Miles asks his dad whether he really hates Spider-Man. He doesn’t know what he expects. Maybe that his dad will say _oh, no, it’s a long-standing joke Spider-Man and I have, we laugh about it down at the station_. Or maybe _oh, no, I don’t mind about Spider-Man either way, the important thing is that someone’s always there to help people and get them home safe_. Or _it doesn’t matter what I think about Spider-Man, he helps people and it’s a bad thing if he’s dead_.

Miles’ dad says yes, he really hates Spider-Man. Miles doesn’t know what he expected.

Miles falls asleep that night feeling like a joint wrenched from its socket. He just can’t believe that anyone would actually want to kill Spider-Man.

***

When Miles was ten, Sandy Ramirez came to school saying she had seen Spider-Man save an old lady from a mugger, and then for weeks _everyone_ was seeing Spider-Man until DeAndre Travers said he was on the L train when Spider-Man stopped it from falling off the thing, and that actually turned out to be _true_ , and no one else had a better story than that. The point is, Miles is a kid from New York. He knows about Spider-Man. He played cops, robbers, and Spider-Man around the apartment they lived in when he was little, he read all the comic books until he got too old for them, and if a couple of the Christmas songs are in his Songify library, well, ‘tis the season. Maybe he didn’t actually _know_ Spider-Man, he hadn’t met him before or anything, even though his cousins in Arizona keep asking him about it and he’s had to explain to them like fifty times that not everyone in New York knows each other. Still, when Miles wakes up in the morning, it is obvious to him that the only thing left to do is be Spider-Man now. Nevermind that his dad made it a rule that he could only ever play as a cop so he wouldn’t get comfortable “glorifying crime.” He’s from _Brooklyn_. He got bit by a _weird spider_. Being Spider-Man is in his blood, in more ways than one. Besides, he promised Peter. He doesn’t know how he could not keep that promise.

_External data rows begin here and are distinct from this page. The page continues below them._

(* Let $G=(V,E)$ be an undirected graph with positive edge weights, and let $p,v\in V$ be distinct. If a minimum $p,v$-cut $S$ with $v\in S$ (and $p\notin S$) satisfies $|E(\{v\},V\setminus S)|>0.6\deg(v)$, then for all $v'\in S\setminus\{v\}$ we have $\lambda_{p,v'}\le 0.8\,\lambda_{p,v}$.
   Context: $|E(A,B)|$ is the total weight of edges between node sets $A$ and $B$; $\deg(u)$ is the total weight of edges incident to $u$; $\lambda_{x,y}$ denotes the value (total weight of crossing edges) of a minimum $x,y$-cut in $G$. *)

theory Defs
  imports Complex_Main
begin

text \<open>A finite undirected graph with positive edge weights on vertex set V is
represented by a symmetric weight function w: the edge {u,x} exists iff w u x > 0,
and its weight is w u x.\<close>

definition weighted_graph :: "'a set \<Rightarrow> ('a \<Rightarrow> 'a \<Rightarrow> real) \<Rightarrow> bool" where
  "weighted_graph V w \<longleftrightarrow> finite V
     \<and> (\<forall>u x. w u x = w x u)
     \<and> (\<forall>u x. w u x \<ge> 0)
     \<and> (\<forall>u. w u u = 0)
     \<and> (\<forall>u x. w u x \<noteq> 0 \<longrightarrow> u \<in> V \<and> x \<in> V)"

definition edge_weight :: "('a \<Rightarrow> 'a \<Rightarrow> real) \<Rightarrow> 'a set \<Rightarrow> 'a set \<Rightarrow> real" where
  "edge_weight w A B = (\<Sum>a\<in>A. \<Sum>b\<in>B. w a b)"

definition deg :: "'a set \<Rightarrow> ('a \<Rightarrow> 'a \<Rightarrow> real) \<Rightarrow> 'a \<Rightarrow> real" where
  "deg V w u = (\<Sum>x\<in>V. w u x)"

definition cut_value :: "'a set \<Rightarrow> ('a \<Rightarrow> 'a \<Rightarrow> real) \<Rightarrow> 'a set \<Rightarrow> real" where
  "cut_value V w S = edge_weight w S (V - S)"

definition xy_cuts :: "'a set \<Rightarrow> 'a \<Rightarrow> 'a \<Rightarrow> 'a set set" where
  "xy_cuts V x y = {S. S \<subseteq> V \<and> y \<in> S \<and> x \<notin> S}"

definition min_cut_value :: "'a set \<Rightarrow> ('a \<Rightarrow> 'a \<Rightarrow> real) \<Rightarrow> 'a \<Rightarrow> 'a \<Rightarrow> real" where
  "min_cut_value V w x y = Min (cut_value V w ` xy_cuts V x y)"

definition is_min_cut :: "'a set \<Rightarrow> ('a \<Rightarrow> 'a \<Rightarrow> real) \<Rightarrow> 'a \<Rightarrow> 'a \<Rightarrow> 'a set \<Rightarrow> bool" where
  "is_min_cut V w x y S \<longleftrightarrow> S \<in> xy_cuts V x y \<and> cut_value V w S = min_cut_value V w x y"

end

theory Submission
  imports Defs
begin

text \<open>Let \<open>a\<close> and \<open>b\<close> be the weights of the edges from \<open>v\<close> to \<open>V - S\<close> and to \<open>S - {v}\<close>,
so that \<open>deg v = a + b\<close>. Moving \<open>v\<close> out of \<open>S\<close> gives a \<open>p,v'\<close>-cut of value \<open>\<lambda> - a + b\<close>,
where \<open>\<lambda> = \<lambda>\<^sub>p\<^sub>,\<^sub>v\<close>. The trivial cut \<open>{v}\<close> gives \<open>\<lambda> \<le> a + b\<close>, and \<open>a > 0.6 (a + b)\<close>
means \<open>b < 2a/3\<close>; together these yield \<open>\<lambda> - a + b \<le> 0.8 \<lambda>\<close>.\<close>

lemma edge_weight_Un_left:
  assumes "finite A" "finite B" "A \<inter> B = {}"
  shows "edge_weight w (A \<union> B) C = edge_weight w A C + edge_weight w B C"
  unfolding edge_weight_def using assms by (rule sum.union_disjoint)

lemma edge_weight_Un_right:
  assumes "finite B" "finite C" "B \<inter> C = {}"
  shows "edge_weight w A (B \<union> C) = edge_weight w A B + edge_weight w A C"
  unfolding edge_weight_def using assms by (simp add: sum.union_disjoint sum.distrib)

lemma edge_weight_commute:
  assumes "\<And>u x. w u x = w x u"
  shows "edge_weight w A B = edge_weight w B A"
  unfolding edge_weight_def by (subst sum.swap) (simp add: assms)

lemma finite_xy_cuts: "finite V \<Longrightarrow> finite (xy_cuts V x y)"
  by (rule finite_subset[of _ "Pow V"]) (auto simp: xy_cuts_def)

lemma min_cut_value_le_cut_value:
  assumes "finite V" "T \<in> xy_cuts V x y"
  shows "min_cut_value V w x y \<le> cut_value V w T"
  unfolding min_cut_value_def using assms by (intro Min_le) (auto simp: finite_xy_cuts)

lemma cut_value_singleton:
  assumes "weighted_graph V w" "v \<in> V"
  shows "cut_value V w {v} = deg V w v"
proof -
  have "deg V w v = w v v + (\<Sum>x\<in>V - {v}. w v x)"
    unfolding deg_def using assms by (simp add: weighted_graph_def sum.remove)
  then show ?thesis
    using assms by (simp add: cut_value_def edge_weight_def weighted_graph_def)
qed

lemma deg_split_by_cut:
  assumes "weighted_graph V w" "S \<subseteq> V" "v \<in> S"
  shows "deg V w v = edge_weight w {v} (V - S) + edge_weight w {v} (S - {v})"
proof -
  have fin: "finite V" using assms(1) by (simp add: weighted_graph_def)
  have V: "V = (V - S) \<union> (S - {v}) \<union> {v}" using assms(2,3) by auto
  have "deg V w v = edge_weight w {v} ((V - S) \<union> (S - {v}) \<union> {v})"
    unfolding deg_def edge_weight_def using V by simp
  also have "\<dots> = edge_weight w {v} ((V - S) \<union> (S - {v})) + edge_weight w {v} {v}"
    using fin assms(2,3) by (intro edge_weight_Un_right) (auto intro: finite_subset)
  also have "\<dots> = edge_weight w {v} (V - S) + edge_weight w {v} (S - {v}) + w v v"
    using fin assms(2)
    by (subst edge_weight_Un_right) (auto intro: finite_subset simp: edge_weight_def)
  finally show ?thesis using assms(1) by (simp add: weighted_graph_def)
qed

lemma cut_value_remove_vertex:
  assumes "weighted_graph V w" "S \<subseteq> V" "v \<in> S"
  shows "cut_value V w (S - {v})
           = cut_value V w S - edge_weight w {v} (V - S) + edge_weight w {v} (S - {v})"
proof -
  have fin: "finite V" and sym: "\<And>u x. w u x = w x u"
    using assms(1) by (auto simp: weighted_graph_def)
  have finS: "finite S" using fin assms(2) by (rule finite_subset[rotated])
  have S: "S = (S - {v}) \<union> {v}" and VS: "V - (S - {v}) = (V - S) \<union> {v}"
    using assms(2,3) by auto
  have "cut_value V w S = edge_weight w ((S - {v}) \<union> {v}) (V - S)"
    unfolding cut_value_def using S by simp
  also have "\<dots> = edge_weight w (S - {v}) (V - S) + edge_weight w {v} (V - S)"
    using finS by (intro edge_weight_Un_left) auto
  finally have "cut_value V w S = edge_weight w (S - {v}) (V - S) + edge_weight w {v} (V - S)" .
  moreover have "cut_value V w (S - {v})
                   = edge_weight w (S - {v}) (V - S) + edge_weight w (S - {v}) {v}"
    unfolding cut_value_def VS using fin assms(3) by (intro edge_weight_Un_right) auto
  moreover have "edge_weight w (S - {v}) {v} = edge_weight w {v} (S - {v})"
    using sym by (rule edge_weight_commute)
  ultimately show ?thesis by simp
qed

theorem lemma4p4:
  fixes V :: "'a set" and w :: "'a \<Rightarrow> 'a \<Rightarrow> real" and p v :: 'a and S :: "'a set"
  assumes "weighted_graph V w"
    and "p \<in> V" and "v \<in> V" and "p \<noteq> v"
    and "is_min_cut V w p v S"
    and "edge_weight w {v} (V - S) > 0.6 * deg V w v"
  shows "\<forall>v' \<in> S - {v}. min_cut_value V w p v' \<le> 0.8 * min_cut_value V w p v"
proof
  fix v' assume v': "v' \<in> S - {v}"
  have fin: "finite V" using assms(1) by (simp add: weighted_graph_def)
  have S: "S \<subseteq> V" "v \<in> S" "p \<notin> S" and \<lambda>: "cut_value V w S = min_cut_value V w p v"
    using assms(5) by (auto simp: is_min_cut_def xy_cuts_def)
  have "{v} \<in> xy_cuts V p v" using assms(3,4) by (auto simp: xy_cuts_def)
  then have "min_cut_value V w p v \<le> deg V w v"
    using min_cut_value_le_cut_value[OF fin] cut_value_singleton[OF assms(1,3)] by metis
  moreover have "min_cut_value V w p v' \<le> cut_value V w (S - {v})"
    using v' S by (intro min_cut_value_le_cut_value[OF fin]) (auto simp: xy_cuts_def)
  ultimately show "min_cut_value V w p v' \<le> 0.8 * min_cut_value V w p v"
    using assms(1,6) S \<lambda> by (simp add: cut_value_remove_vertex deg_split_by_cut)
qed

end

Spider-Man’s name, by the way, was Peter. He was twenty-six, which is like, old. It’s two of Miles’ age, and Miles is feeling pretty old himself. This, Miles reflects as he gathers up the various accoutrements he assumes he needs to be Spider-Man, probably made Spider-Man-ing much easier. Peter Parker was a real adult, who had a credit card to buy things with and a room where he could keep his stuff without his mom finding it when she vacuumed and a wife who would tell him if he was being stupid or doing the wrong thing. Miles doesn’t have anyone to ask whether he’s doing the wrong thing, and he’s worried.

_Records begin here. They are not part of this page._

(* For $\epsilon\in\mathbb{R}$ let $$\widetilde{\Phi}_{2,\epsilon}(x,y)=\left(\frac{(\epsilon^{2}-1)x+2\epsilon y}{2\epsilon x-2\epsilon^{2}y-\epsilon^{2}-1},\ \frac{-2\epsilon x+(\epsilon^{2}-1)y}{2\epsilon x-2\epsilon^{2}y-\epsilon^{2}-1}\right).$$ Then $\widetilde{\Phi}_{2,\epsilon}$ preserves the fibration defined by the pencil of conics $C_{2,h}=\{x^2+y^2-h(1+y)^2=0\}$. A proper parametrization of each curve $C_{2,h}$ is $$P_{2,h}(t)=\left(-\frac{2(ht-\sqrt{h})}{-1+(h-1)t^{2}}+\sqrt{h},\ -\frac{2t(ht-\sqrt{h})}{-1+(h-1)t^{2}}\right),$$ with inverse $$P_{2,h}^{-1}(x,y)=\frac{\sqrt{h}\,x+(h-1)y+h}{(h-1)x+\sqrt{h}(h-1)y+\sqrt{h}(h+1)}.$$ On each curve $C_{2,h}$, $\widetilde{\Phi}_{2,\epsilon}|_{C_{2,h}}$ is conjugate via $P_{2,h}$ to the M\"obius map $$M_{2,h}(t)=\frac{(1-\epsilon\sqrt{h})t+\epsilon}{-\epsilon(h+1)t+\epsilon\sqrt{h}+1}.$$ For a fixed $\epsilon$, on each closed curve $C_{2,h}$ the map $\widetilde{\Phi}_{2,\epsilon}$ is conjugate to a rotation with constant rotation number $\rho_\epsilon=\frac{1}{2\pi}\arg\left(\frac{1-\epsilon^{2}+2i\epsilon}{1+\epsilon^{2}}\right)$.
   Context: $\widetilde{\Phi}_{2,\epsilon}$ is the pseudo-KHK map of the vector field $\dot x=-y+x^2$, $\dot y=x(1+y)$. A parametrization $P:\mathbb{R}\to C$ of a curve $C$ by rational functions is proper if it is birational onto $C$ (its inverse is rational). Conjugate via $P_{2,h}$ means $M_{2,h}=P_{2,h}^{-1}\circ\widetilde{\Phi}_{2,\epsilon}|_{C_{2,h}}\circ P_{2,h}$. $\arg$ takes values in $[0,2\pi)$. *)

theory Defs
  imports "HOL-Complex_Analysis.Complex_Analysis"
begin

definition Phi2_den :: "real \<Rightarrow> real \<times> real \<Rightarrow> real" where
  "Phi2_den e p = (case p of (x, y) \<Rightarrow> 2*e*x - 2*e^2*y - e^2 - 1)"

definition Phi2 :: "real \<Rightarrow> real \<times> real \<Rightarrow> real \<times> real" where
  "Phi2 e p = (case p of (x, y) \<Rightarrow>
     (((e^2 - 1)*x + 2*e*y) / Phi2_den e (x, y),
      (-2*e*x + (e^2 - 1)*y) / Phi2_den e (x, y)))"

definition C2 :: "real \<Rightarrow> (real \<times> real) set" where
  "C2 h = {(x, y). x^2 + y^2 - h*(1 + y)^2 = 0}"

definition P2_den :: "real \<Rightarrow> real \<Rightarrow> real" where
  "P2_den h t = -1 + (h - 1)*t^2"

definition P2 :: "real \<Rightarrow> real \<Rightarrow> real \<times> real" where
  "P2 h t = (- (2*(h*t - sqrt h)) / P2_den h t + sqrt h,
             - (2*t*(h*t - sqrt h)) / P2_den h t)"

definition P2inv_den :: "real \<Rightarrow> real \<times> real \<Rightarrow> real" where
  "P2inv_den h p = (case p of (x, y) \<Rightarrow> (h - 1)*x + sqrt h*(h - 1)*y + sqrt h*(h + 1))"

definition P2inv :: "real \<Rightarrow> real \<times> real \<Rightarrow> real" where
  "P2inv h p = (case p of (x, y) \<Rightarrow> (sqrt h*x + (h - 1)*y + h) / P2inv_den h (x, y))"

definition M2 :: "real \<Rightarrow> real \<Rightarrow> real \<Rightarrow> real" where
  "M2 e h t = ((1 - e * sqrt h)*t + e) / (-e*(h + 1)*t + e * sqrt h + 1)"

text \<open>Argument with values in \<open>[0, 2\<pi>)\<close> (library \<open>Arg\<close> takes values in \<open>(-\<pi>, \<pi>]\<close>).\<close>
definition arg0 :: "complex \<Rightarrow> real" where
  "arg0 z = (if Arg z < 0 then Arg z + 2*pi else Arg z)"

definition rho2 :: "real \<Rightarrow> real" where
  "rho2 e = arg0 (Complex ((1 - e^2) / (1 + e^2)) (2*e / (1 + e^2))) / (2*pi)"

definition cpt :: "real \<times> real \<Rightarrow> complex" where
  "cpt p = Complex (fst p) (snd p)"

end

theory Submission
  imports Defs
begin

text \<open>Identify \<open>(x, y)\<close> with \<open>z = x + i y\<close>. Then \<open>\<widetilde>\<Phi>_{2,\<epsilon>}\<close> is \<open>z \<mapsto> w z / D\<close> with
  \<open>w = 1 - \<epsilon>\<^sup>2 + 2 i \<epsilon>\<close> and the real number \<open>D = -Phi2_den \<epsilon> (x, y)\<close>, and \<open>1 + y\<close> is mapped to
  \<open>(1 + \<epsilon>\<^sup>2) (1 + y) / D\<close>. As \<open>|w| = 1 + \<epsilon>\<^sup>2\<close>, the equation \<open>|z|\<^sup>2 = h (1 + y)\<^sup>2\<close> of
  \<open>C_{2,h}\<close> is preserved. For \<open>0 < h < 1\<close> the conic is an ellipse around the origin on which
  \<open>D > 0\<close>, so the radial projection \<open>z \<mapsto> z / |z|\<close> is a homeomorphism onto the unit circle
  conjugating the map to multiplication by \<open>w / |w| = exp (2 \<pi> i \<rho>\<^sub>\<epsilon>)\<close>; it preserves winding
  numbers because the segment from \<open>z\<close> to \<open>z / |z|\<close> avoids \<open>0\<close>. The claims about \<open>P_{2,h}\<close> and
  \<open>M_{2,h}\<close> are polynomial identities in \<open>t\<close> and \<open>s = \<surd>h\<close>, verified in homogeneous
  coordinates.\<close>

lemma finite_quadratic_zeros:
  fixes a b c :: real
  assumes "a \<noteq> 0 \<or> b \<noteq> 0 \<or> c \<noteq> 0"
  shows "finite {t. a + b * t + c * t^2 = 0}"
proof -
  have "{t. a + b * t + c * t^2 = 0} = {t. poly [:a, b, c:] t = 0}"
    by (auto simp: algebra_simps power2_eq_square)
  moreover have "[:a, b, c:] \<noteq> 0" using assms by auto
  ultimately show ?thesis using poly_roots_finite by metis
qed

section \<open>Homogeneous coordinates\<close>

lemma mem_C2_divide_iff:
  "d \<noteq> 0 \<Longrightarrow> (a / d, b / d) \<in> C2 h \<longleftrightarrow> a^2 + b^2 - h * (d + b)^2 = 0"
  unfolding C2_def by (simp add: field_simps power2_eq_square)

lemma Phi2_den_divide:
  "d \<noteq> 0 \<Longrightarrow> Phi2_den e (a / d, b / d) = (2 * e * a - 2 * e^2 * b - (e^2 + 1) * d) / d"
  unfolding Phi2_den_def by (simp add: field_simps)

lemma Phi2_divide:
  assumes "d \<noteq> 0"
  shows "Phi2 e (a / d, b / d) =
    (((e^2 - 1) * a + 2 * e * b) / (2 * e * a - 2 * e^2 * b - (e^2 + 1) * d),
     (-2 * e * a + (e^2 - 1) * b) / (2 * e * a - 2 * e^2 * b - (e^2 + 1) * d))"
proof -
  have "(e^2 - 1) * (a / d) + 2 * e * (b / d) = ((e^2 - 1) * a + 2 * e * b) / d"
       "-2 * e * (a / d) + (e^2 - 1) * (b / d) = (-2 * e * a + (e^2 - 1) * b) / d"
    using assms by (simp_all add: field_simps)
  then show ?thesis using assms unfolding Phi2_def prod.case Phi2_den_divide[OF assms] by simp
qed

lemma P2inv_den_divide:
  "d \<noteq> 0 \<Longrightarrow> P2inv_den h (a / d, b / d) =
     ((h - 1) * a + sqrt h * (h - 1) * b + sqrt h * (h + 1) * d) / d"
  unfolding P2inv_den_def by (simp add: field_simps)

lemma P2inv_divide:
  assumes "d \<noteq> 0"
  shows "P2inv h (a / d, b / d) =
    (sqrt h * a + (h - 1) * b + h * d) / ((h - 1) * a + sqrt h * (h - 1) * b + sqrt h * (h + 1) * d)"
proof -
  have "sqrt h * (a / d) + (h - 1) * (b / d) + h = (sqrt h * a + (h - 1) * b + h * d) / d"
    using assms by (simp add: field_simps)
  then show ?thesis using assms unfolding P2inv_def prod.case P2inv_den_divide[OF assms] by simp
qed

Miles is so worried, in fact, that he goes to the graveyard to see if dead Spider-Man can help somehow, even though his mom was quite clear on the circumstances under which he should mess with ghosts (no circumstances whatsoever). It turns out his mom was definitely right, like she always is, because at the graveyard is where things start to get really crazy.

***

The upshot of it all is that there are five Spider-People in Miles’ universe who are alive and one who is dead, and out of all of them Miles is the absolute worst Spider-Man. He only has two special things, a weird zap that might just be cold-weather static and an invisibility thing that would make Mrs. Simonson lose her mind about symbolism, and he can’t do either of them on command. Peter tries to make him feel better about it, but he’s got the attitude of a bridge troll who got hauled in under protest to serve as a camp counselor and it doesn’t help. Miles is thirteen, not seven. Gwen’s only fifteen months older than he is, even if it is two whole grades because of how their birthdays are, and she’s basically in charge. Plus she’s got a great suit, and her haircut is scary-cool even if Miles isn’t allowed to think that.

The point is, this is Miles’ universe. It’s his family’s neighborhood, and it’s his job to protect his family. But he doesn’t know how. He thinks about that while he writes a note for Uncle Aaron. Uncle Aaron is the only person he can tell this stuff to, because Uncle Aaron always listens to what he’s feeling and doesn’t make him feel like a little kid, or like he has to be this super-perfect person all the time who never does anything even a little bit wrong. Uncle Aaron treats him like a man, and he’s who Miles runs to when he’s trying to figure out how not to run from things.

Then the Prowler shows up, and Uncle Aaron is the Prowler, and everything falls out from under him.

***

Here’s a secret that Miles will never tell anyone, not even when he’s old and grey and his other secrets are all laid out like a buffet table for the general public: when Uncle Aaron pulled his mask back down over his face, Miles thought he was going to kill him.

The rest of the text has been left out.